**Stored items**
::::::

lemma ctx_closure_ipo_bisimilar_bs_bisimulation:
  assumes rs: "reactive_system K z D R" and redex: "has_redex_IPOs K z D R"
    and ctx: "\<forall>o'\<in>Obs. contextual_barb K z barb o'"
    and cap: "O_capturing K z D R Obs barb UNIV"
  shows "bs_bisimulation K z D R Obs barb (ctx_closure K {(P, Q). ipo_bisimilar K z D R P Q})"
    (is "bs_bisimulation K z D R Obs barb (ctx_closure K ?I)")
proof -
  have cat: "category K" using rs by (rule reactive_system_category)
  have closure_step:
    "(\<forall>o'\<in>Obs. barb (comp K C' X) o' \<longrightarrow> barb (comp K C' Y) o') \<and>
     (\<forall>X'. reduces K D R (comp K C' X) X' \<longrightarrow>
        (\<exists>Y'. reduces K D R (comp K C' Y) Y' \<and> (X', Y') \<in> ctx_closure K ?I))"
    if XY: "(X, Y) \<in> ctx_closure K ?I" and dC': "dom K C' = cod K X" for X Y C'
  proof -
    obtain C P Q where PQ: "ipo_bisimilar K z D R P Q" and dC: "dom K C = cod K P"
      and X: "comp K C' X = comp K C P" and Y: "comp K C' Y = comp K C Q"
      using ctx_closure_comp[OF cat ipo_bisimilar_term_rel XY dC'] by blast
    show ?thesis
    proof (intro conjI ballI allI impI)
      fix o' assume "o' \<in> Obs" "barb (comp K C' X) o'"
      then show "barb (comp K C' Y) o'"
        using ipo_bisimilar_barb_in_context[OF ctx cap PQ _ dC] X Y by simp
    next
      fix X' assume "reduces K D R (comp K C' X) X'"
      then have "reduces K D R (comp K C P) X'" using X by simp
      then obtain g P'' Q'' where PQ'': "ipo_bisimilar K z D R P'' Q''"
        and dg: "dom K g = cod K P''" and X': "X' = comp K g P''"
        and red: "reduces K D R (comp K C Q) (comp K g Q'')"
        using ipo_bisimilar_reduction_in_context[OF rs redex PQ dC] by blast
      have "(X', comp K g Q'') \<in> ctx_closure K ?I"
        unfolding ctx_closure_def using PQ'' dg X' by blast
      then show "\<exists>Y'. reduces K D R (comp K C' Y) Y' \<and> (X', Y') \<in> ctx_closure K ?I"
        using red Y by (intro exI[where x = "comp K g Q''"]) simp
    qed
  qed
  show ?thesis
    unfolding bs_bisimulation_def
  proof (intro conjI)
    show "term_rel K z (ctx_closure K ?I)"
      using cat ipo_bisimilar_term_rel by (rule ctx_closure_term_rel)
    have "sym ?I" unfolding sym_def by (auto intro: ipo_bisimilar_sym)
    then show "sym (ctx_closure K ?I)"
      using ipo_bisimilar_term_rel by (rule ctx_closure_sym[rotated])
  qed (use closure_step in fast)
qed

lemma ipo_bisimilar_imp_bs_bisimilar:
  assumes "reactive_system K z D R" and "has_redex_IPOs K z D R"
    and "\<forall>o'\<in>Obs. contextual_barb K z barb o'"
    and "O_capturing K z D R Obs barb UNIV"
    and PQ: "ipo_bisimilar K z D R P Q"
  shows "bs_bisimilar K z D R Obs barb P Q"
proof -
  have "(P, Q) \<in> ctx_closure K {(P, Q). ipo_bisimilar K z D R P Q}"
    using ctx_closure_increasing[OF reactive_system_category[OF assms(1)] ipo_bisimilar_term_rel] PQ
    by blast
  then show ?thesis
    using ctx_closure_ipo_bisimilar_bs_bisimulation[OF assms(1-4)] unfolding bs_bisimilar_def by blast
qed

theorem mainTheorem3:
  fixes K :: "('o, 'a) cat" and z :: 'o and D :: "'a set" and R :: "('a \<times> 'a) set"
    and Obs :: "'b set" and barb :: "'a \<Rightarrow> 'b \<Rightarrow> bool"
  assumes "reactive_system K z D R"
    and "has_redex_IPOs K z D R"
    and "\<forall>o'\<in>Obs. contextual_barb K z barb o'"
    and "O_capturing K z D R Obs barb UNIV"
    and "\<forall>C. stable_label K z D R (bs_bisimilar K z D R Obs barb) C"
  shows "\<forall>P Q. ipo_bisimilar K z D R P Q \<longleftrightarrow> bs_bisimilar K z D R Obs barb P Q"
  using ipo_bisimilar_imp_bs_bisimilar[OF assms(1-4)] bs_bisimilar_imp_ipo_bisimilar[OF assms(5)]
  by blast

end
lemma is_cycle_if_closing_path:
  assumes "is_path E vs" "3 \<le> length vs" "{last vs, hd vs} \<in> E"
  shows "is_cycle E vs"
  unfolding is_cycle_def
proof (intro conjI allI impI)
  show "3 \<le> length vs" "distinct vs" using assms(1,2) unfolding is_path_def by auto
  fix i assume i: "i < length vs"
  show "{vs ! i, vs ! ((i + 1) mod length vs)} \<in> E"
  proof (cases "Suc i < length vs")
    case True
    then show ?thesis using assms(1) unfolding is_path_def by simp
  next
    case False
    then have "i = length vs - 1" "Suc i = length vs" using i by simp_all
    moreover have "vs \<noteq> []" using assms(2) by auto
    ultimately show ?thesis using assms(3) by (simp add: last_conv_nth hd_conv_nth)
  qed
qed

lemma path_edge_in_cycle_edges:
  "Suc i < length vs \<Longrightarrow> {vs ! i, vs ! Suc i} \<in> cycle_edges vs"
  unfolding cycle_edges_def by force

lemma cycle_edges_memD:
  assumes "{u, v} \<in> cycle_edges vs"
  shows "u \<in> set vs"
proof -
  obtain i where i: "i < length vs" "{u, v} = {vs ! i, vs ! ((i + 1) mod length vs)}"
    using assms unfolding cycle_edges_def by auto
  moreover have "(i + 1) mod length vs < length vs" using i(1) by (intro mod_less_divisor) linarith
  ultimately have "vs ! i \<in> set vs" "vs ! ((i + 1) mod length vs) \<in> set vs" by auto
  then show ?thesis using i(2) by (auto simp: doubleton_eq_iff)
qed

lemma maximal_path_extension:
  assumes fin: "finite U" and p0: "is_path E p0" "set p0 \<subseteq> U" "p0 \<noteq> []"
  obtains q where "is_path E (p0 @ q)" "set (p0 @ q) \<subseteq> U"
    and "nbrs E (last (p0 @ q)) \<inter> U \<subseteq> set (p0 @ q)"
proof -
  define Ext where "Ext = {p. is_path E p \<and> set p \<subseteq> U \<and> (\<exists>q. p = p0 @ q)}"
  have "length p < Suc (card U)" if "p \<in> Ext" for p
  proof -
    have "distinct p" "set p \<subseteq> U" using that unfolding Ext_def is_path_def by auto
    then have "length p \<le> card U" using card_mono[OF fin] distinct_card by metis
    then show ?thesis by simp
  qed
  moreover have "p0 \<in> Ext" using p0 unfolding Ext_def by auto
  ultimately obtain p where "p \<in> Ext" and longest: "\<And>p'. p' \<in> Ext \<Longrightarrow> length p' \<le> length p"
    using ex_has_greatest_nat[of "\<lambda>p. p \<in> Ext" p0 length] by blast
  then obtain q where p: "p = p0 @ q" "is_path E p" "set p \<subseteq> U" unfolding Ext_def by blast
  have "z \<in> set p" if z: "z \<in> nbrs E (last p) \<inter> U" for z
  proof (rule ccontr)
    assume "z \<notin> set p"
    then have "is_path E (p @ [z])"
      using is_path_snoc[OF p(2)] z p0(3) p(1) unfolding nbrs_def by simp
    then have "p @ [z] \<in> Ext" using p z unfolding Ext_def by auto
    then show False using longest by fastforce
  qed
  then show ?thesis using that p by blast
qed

::::::

**EXERCISE DETAILS**
In the records above, find the line containing "then show False"; please retype it and every line after it through the last line, exactly and with nothing else.

**RESULT OF THIS EXERCISE**
    then show False using longest by fastforce
  qed
  then show ?thesis using that p by blast
qed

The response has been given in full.